Por Eduardo Labarca
El acto más trascendente del papado de Benedicto XVI ha sido ‒¡oh ironía!‒ su renuncia intempestiva. A las pocas horas de que la anunciara en latín con voz meliflua, comenzó la cascada de alabanzas hacia él como si ya estuviera muerto. “Era tan elegante”, se lamentó una amiga poeta.
Personaje digno de una novela filosófica o un drama shakesperiano, Benedicto XVI ha hecho lo que nadie: renunciar a la más alta posición a que podía aspirar en la vida. Su mirada y su voz suave denotan la ebullición espiritual interior, la duda mencionada por Cristián Warnken en un artículo. Sin embargo, Ratzinger es para mí no sólo el ser angélico que describe, sino a la vez un hombre diabólico, esencialmente alemán en su tortura interior, y por lo mismo me apasiona.
Desde su puesto de guardián de la doctrina le aseguró la retaguardia al papa polaco. Quizás Benedicto dudara en el insomnio de sus noches, pero de día no vacilaba en ir desmontando con eficiencia germana todos los intentos de reflexión de quienes han deseado que la Iglesia Católica avance ideológicamente con los tiempos.

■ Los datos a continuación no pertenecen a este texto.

definition out_neighbours :: "nat \<Rightarrow> (nat \<times> nat) set \<Rightarrow> nat \<Rightarrow> nat set" where
  "out_neighbours n D v = {y \<in> {0..<n} - {v}. orient n D v y}"

lemma pairs_at_subset: "pairs_at n v \<subseteq> upper_pairs n"
  unfolding pairs_at_def by auto

lemma card_pairs_at_ge:
  assumes "v < n"
  shows "n - 1 \<le> card (pairs_at n v)"
proof -
  have "inj_on (\<lambda>y. (min v y, max v y)) ({0..<n} - {v})"
    unfolding inj_on_def min_def max_def by auto
  moreover have "(\<lambda>y. (min v y, max v y)) ` ({0..<n} - {v}) \<subseteq> pairs_at n v"
    using assms unfolding pairs_at_def upper_pairs_def min_def max_def by (auto split: if_splits)
  ultimately have "card ({0..<n} - {v}) \<le> card (pairs_at n v)"
    using finite_subset[OF pairs_at_subset finite_upper_pairs] by (intro card_inj_on_le)
  then show ?thesis using assms by simp
qed

lemma out_degree_orient:
  assumes "D \<subseteq> upper_pairs n"
  shows "out_degree {0..<n} (orient n D) v = card (out_neighbours n (D \<inter> pairs_at n v) v)"
proof -
  have "\<not> orient n D v v"
    using assms unfolding orient_def upper_pairs_def by auto
  moreover have "orient n (D \<inter> pairs_at n v) v y \<longleftrightarrow> orient n D v y" for y
    using assms unfolding orient_def pairs_at_def by auto
  ultimately show ?thesis
    unfolding out_degree_def out_neighbours_def by (intro arg_cong[where f = card]) auto
qed

lemma inj_on_out_neighbours:
  assumes "v < n"
  shows "inj_on (\<lambda>R. out_neighbours n R v) (Pow (pairs_at n v))"
proof -
  let ?W = "\<lambda>R. out_neighbours n R v"
  have upper: "b \<in> ?W R \<longleftrightarrow> (v, b) \<in> R" if "R \<subseteq> upper_pairs n" "v < b" "b < n" for R b
    using orient_if_less[OF that(1,2)] that unfolding out_neighbours_def by auto
  have lower: "a \<in> ?W R \<longleftrightarrow> (a, v) \<notin> R" if "R \<subseteq> upper_pairs n" "a < v" for R a
    using orient_if_greater[OF that(1,2) assms] that assms unfolding out_neighbours_def by auto
  have recover: "R = {p \<in> pairs_at n v. if fst p = v then snd p \<in> ?W R else fst p \<notin> ?W R}"
    if "R \<subseteq> pairs_at n v" for R
  proof (rule set_eqI)
    fix p
    show "p \<in> R \<longleftrightarrow> p \<in> {p \<in> pairs_at n v. if fst p = v then snd p \<in> ?W R else fst p \<notin> ?W R}"
    proof (cases "p \<in> pairs_at n v")
      case True
      then obtain a b where "p = (a, b)" "a < b" "b < n" "a = v \<or> b = v"
        unfolding pairs_at_def upper_pairs_def by auto
      with True that pairs_at_subset upper[of R b] lower[of R a] show ?thesis by auto
    qed (use that in auto)
  qed
  show ?thesis
  proof (rule inj_onI)
    fix R1 R2 assume "R1 \<in> Pow (pairs_at n v)" "R2 \<in> Pow (pairs_at n v)" "?W R1 = ?W R2"
    have "R1 = {p \<in> pairs_at n v. if fst p = v then snd p \<in> ?W R1 else fst p \<notin> ?W R1}"
      using \<open>R1 \<in> Pow (pairs_at n v)\<close> by (intro recover) simp
    also have "\<dots> = {p \<in> pairs_at n v. if fst p = v then snd p \<in> ?W R2 else fst p \<notin> ?W R2}"
      by (simp only: \<open>?W R1 = ?W R2\<close>)
    also have "\<dots> = R2"
      using \<open>R2 \<in> Pow (pairs_at n v)\<close> by (intro recover[symmetric]) simp
    finally show "R1 = R2" .
  qed
qed

text \<open>Only the pairs at \<open>v\<close> matter, and they are in bijection with the out-neighbourhoods of \<open>v\<close>,
  whose number of size at least \<open>t\<close> is at most \<open>3^(n-1)/2^t\<close>.\<close>

lemma card_out_degree_ge:
  assumes "v < n"
  shows "card {D \<in> Pow (upper_pairs n). t \<le> out_degree {0..<n} (orient n D) v} * 2 ^ (n - 1 + t)
    \<le> 3 ^ (n - 1) * 2 ^ card (upper_pairs n)"
proof -
  let ?Q = "pairs_at n v" and ?N = "card (upper_pairs n)"
  let ?Bad = "{D \<in> Pow (upper_pairs n). t \<le> out_degree {0..<n} (orient n D) v}"
  let ?Bad_at = "{R \<in> Pow ?Q. t \<le> card (out_neighbours n R v)}"
  have "(\<lambda>R. out_neighbours n R v) ` ?Bad_at \<subseteq> {X \<in> Pow ({0..<n} - {v}). t \<le> card X}"
    unfolding out_neighbours_def by auto
  then have "card ?Bad_at \<le> card {X \<in> Pow ({0..<n} - {v}). t \<le> card X}"
    using inj_on_out_neighbours[OF assms] by (intro card_inj_on_le) (auto intro: inj_on_subset)
  then have "card ?Bad_at * 2 ^ t \<le> card {X \<in> Pow ({0..<n} - {v}). t \<le> card X} * 2 ^ t"
    by (rule mult_le_mono1)
  also have "\<dots> \<le> 3 ^ card ({0..<n} - {v})"
    by (rule card_large_subsets_le) simp
  finally have few: "card ?Bad_at * 2 ^ t \<le> 3 ^ (n - 1)"
    using assms by simp
  have "?Bad = {D \<in> Pow (upper_pairs n). t \<le> card (out_neighbours n (D \<inter> ?Q) v)}"
    using out_degree_orient by auto
  then have card_Bad: "card ?Bad = card ?Bad_at * 2 ^ (?N - card ?Q)"
    using card_Pow_filter_Int[OF finite_upper_pairs pairs_at_subset,
        where \<Phi> = "\<lambda>R. t \<le> card (out_neighbours n R v)"] by simp
  have "card ?Bad * 2 ^ (n - 1 + t) \<le> card ?Bad * 2 ^ (card ?Q + t)"
    using card_pairs_at_ge[OF assms] by (intro mult_le_mono2 power_increasing) simp_all
  also have "\<dots> = card ?Bad_at * 2 ^ t * 2 ^ ?N"
    unfolding card_Bad using card_mono[OF finite_upper_pairs pairs_at_subset]
    by (simp add: power_add[symmetric] ac_simps)
  also have "\<dots> \<le> 3 ^ (n - 1) * 2 ^ ?N"
    using few by simp
  finally show ?thesis .
qed

lemma card_in_degree_ge:
  assumes "v < n"
  shows "card {D \<in> Pow (upper_pairs n). t \<le> in_degree {0..<n} (orient n D) v} * 2 ^ (n - 1 + t)
    \<le> 3 ^ (n - 1) * 2 ^ card (upper_pairs n)"
proof -
  have "bij_betw (\<lambda>D. upper_pairs n - D)
      {D \<in> Pow (upper_pairs n). t \<le> in_degree {0..<n} (orient n D) v}
      {D \<in> Pow (upper_pairs n). t \<le> out_degree {0..<n} (orient n D) v}"
    by (rule bij_betw_byWitness[where f' = "\<lambda>D. upper_pairs n - D"])
      (auto simp: in_degree_def out_degree_def orient_Diff_upper_pairs double_diff)
  then have "card {D \<in> Pow (upper_pairs n). t \<le> in_degree {0..<n} (orient n D) v} =
      card {D \<in> Pow (upper_pairs n). t \<le> out_degree {0..<n} (orient n D) v}"
    by (rule bij_betw_same_card)
  with card_out_degree_ge[OF assms] show ?thesis by (simp only:)
qed

definition pairs_between :: "nat set \<Rightarrow> nat set \<Rightarrow> (nat \<times> nat) set" where
  "pairs_between A1 A2 = (\<lambda>(a, b). (min a b, max a b)) ` (A1 \<times> A2)"

lemma pairs_between_subset:
  assumes "A1 \<subseteq> {0..<n}" and "A2 \<subseteq> {0..<n}" and "A1 \<inter> A2 = {}"
  shows "pairs_between A1 A2 \<subseteq> upper_pairs n"
proof
  fix p assume "p \<in> pairs_between A1 A2"
  then obtain a b where "a \<in> A1" "b \<in> A2" "p = (min a b, max a b)" unfolding pairs_between_def by auto
  moreover have "a \<noteq> b" "a < n" "b < n" using calculation assms by auto
  ultimately show "p \<in> upper_pairs n" unfolding upper_pairs_def by (auto simp: min_def max_def)
qed

lemma card_pairs_between:
  assumes "A1 \<inter> A2 = {}"
  shows "card (pairs_between A1 A2) = card A1 * card A2"
proof -
  have "inj_on (\<lambda>(a, b). (min a b, max a b)) (A1 \<times> A2)"
  proof (rule inj_onI)
    fix p q assume "p \<in> A1 \<times> A2" "q \<in> A1 \<times> A2"
      and eq: "(\<lambda>(a, b). (min a b, max a b)) p = (\<lambda>(a, b). (min a b, max a b)) q"
    then obtain a b c d where "p = (a, b)" "q = (c, d)" "a \<noteq> d" "c \<noteq> b"
      using assms by blast
    with eq show "p = q" by (auto simp: min_def max_def split: if_splits)
  qed
  then show ?thesis
    unfolding pairs_between_def by (simp add: card_image card_cartesian_product)
qed

lemma orient_Int_pairs_between:
  assumes D: "D \<subseteq> upper_pairs n" and A: "A1 \<subseteq> {0..<n}" "A2 \<subseteq> {0..<n}" "A1 \<inter> A2 = {}"
    and arcs: "\<forall>a1\<in>A1. \<forall>a2\<in>A2. orient n D a1 a2"
  shows "D \<inter> pairs_between A1 A2 = {(a, b). a \<in> A1 \<and> b \<in> A2 \<and> a < b}"
proof (intro equalityI subsetI)
  fix p assume "p \<in> D \<inter> pairs_between A1 A2"
  then obtain a b where ab: "a \<in> A1" "b \<in> A2" "p = (min a b, max a b)" "p \<in> D"
    unfolding pairs_between_def by auto
  with A have "a \<noteq> b" "a < n" by auto
  show "p \<in> {(a, b). a \<in> A1 \<and> b \<in> A2 \<and> a < b}"
  proof (cases "a < b")
    case True
    with ab show ?thesis by auto
  next
    case False
    with ab \<open>a \<noteq> b\<close> have "p = (b, a)" "b < a" by auto
    with arcs ab orient_if_greater[OF D \<open>b < a\<close> \<open>a < n\<close>] show ?thesis by auto
  qed
next
  fix p assume "p \<in> {(a, b). a \<in> A1 \<and> b \<in> A2 \<and> a < b}"
  then obtain a b where ab: "a \<in> A1" "b \<in> A2" "a < b" "p = (a, b)" by auto
  then have "p \<in> D" using arcs orient_if_less[OF D \<open>a < b\<close>] by auto
  moreover have "p \<in> pairs_between A1 A2"
    unfolding pairs_between_def using ab by (auto intro!: image_eqI[of _ _ "(a, b)"])
  ultimately show "p \<in> D \<inter> pairs_between A1 A2" by blast
qed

A esos grupos y comunidades los amenazó, los silenció y los empujó casi a la extinción: ¡buen trabajo! Encerrado en su gabinete del Vaticano, sin contacto con la palpitación de las multitudes, sumergido en sus libros y evangelios, arrodillado ante su dios, el cardenal Ratzinger salvaguardó el más oligárquico concepto de la Iglesia Católica, esa iglesia simbolizada por el Opus Dei y otros feudos conservadores entrelazados hoy con los bancos y las multinacionales.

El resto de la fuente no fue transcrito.